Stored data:
=== Section Start ===

(* Assume Assumptions 1 and 2 hold. Then, as $n\to\infty$, uniformly in $k$: (1) $\mathbb{E}[Z_{1,k}Z_{2,k}]=-\frac{1}{n-1}$ (for every $n\ge2$); (2) for every $p\ge1$, $\mathbb{E}[|Z_{1,k}|^p]=O(1)$; (3) $\mathbb{E}[Z_{1,k}^2Z_{2,k}^2]=1+o(1)$; (4) $\mathbb{E}[Z_{1,k}^3Z_{2,k}]=O(1/n)$; (5) $\mathbb{E}[Z_{1,k}^2Z_{2,k}Z_{3,k}]=O(1/n)$; (6) $\mathbb{E}[Z_{1,k}Z_{2,k}Z_{3,k}Z_{4,k}]=O(1/n^2)$; (7) $\mathbb{E}[Z_{1,k}^5Z_{2,k}]=O(1/n)$; (8) $\mathbb{E}[Z_{1,k}^3Z_{2,k}^3]=O(1)$; (9) $\mathbb{E}[Z_{1,k}^4Z_{2,k}^2]=O(1)$; (10) $\mathbb{E}[Z_{1,k}^4Z_{2,k}Z_{3,k}]=O(1/n)$; (11) $\mathbb{E}[Z_{1,k}^3Z_{2,k}^2Z_{3,k}]=O(1/n)$; (12) $\mathbb{E}[Z_{1,k}^3Z_{2,k}Z_{3,k}Z_{4,k}]=O(1/n^2)$.
   Context: Let $A=(A_{i,k})_{1\le i\le n,\,1\le k\le N}$ be a random matrix with independent columns, such that for each $k$ the entries $A_{1,k},\dots,A_{n,k}$ are i.i.d.; write $m_k=\mathbb{E}[A_{1,k}]$ and $\sigma_k^2=\mathrm{Var}(A_{1,k})$. Put $\bar A_k=\frac1n\sum_{i=1}^n A_{i,k}$, $s_k^2=\frac1n\sum_{i=1}^n(A_{i,k}-\bar A_k)^2$ (assumed $>0$ a.s.), and $Z_{i,k}=(A_{i,k}-\bar A_k)/s_k$. Assumption 1: there exist $d>0$, $C>0$ and a neighborhood $V_0$ of $0$ such that for all $\lambda\in V_0$, all $i\neq j$ and all $k$: (1.1) $\mathbb{E}[\exp(\lambda((A_{i,k}-m_k)^2-\sigma_k^2))]\le C\exp(d\lambda^2)$; (1.2) $\mathbb{E}[\exp(\lambda(A_{i,k}-m_k))]\le C\exp(d\lambda^2)$; (1.3) $\mathbb{E}[\exp(\lambda(A_{i,k}-m_k)(A_{j,k}-m_k))]\le C\exp(d\lambda^2)$. Assumption 2: (2.1) $\inf_{k}\sigma_k^2=\delta_{min}>0$; (2.2) $\sup_k\sigma_k^2=\delta_{max}<+\infty$. *)

theory Defs
  imports "HOL-Probability.Probability"
begin

text \<open>The matrix entries: A i k is the entry in row i, column k (0-based indices,
  so the paper's row 1 is index 0). Only the first n rows are used for sample size n.\<close>

definition col_mean :: "(nat \<Rightarrow> nat \<Rightarrow> 'a \<Rightarrow> real) \<Rightarrow> nat \<Rightarrow> nat \<Rightarrow> 'a \<Rightarrow> real" where
  "col_mean A n k \<omega> = (\<Sum>i<n. A i k \<omega>) / real n"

=== Section End ===

The answer must consist of every line from the data that holds the string "real".

definition col_mean :: "(nat \<Rightarrow> nat \<Rightarrow> 'a \<Rightarrow> real) \<Rightarrow> nat \<Rightarrow> nat \<Rightarrow> 'a \<Rightarrow> real" where
  "col_mean A n k \<omega> = (\<Sum>i<n. A i k \<omega>) / real n"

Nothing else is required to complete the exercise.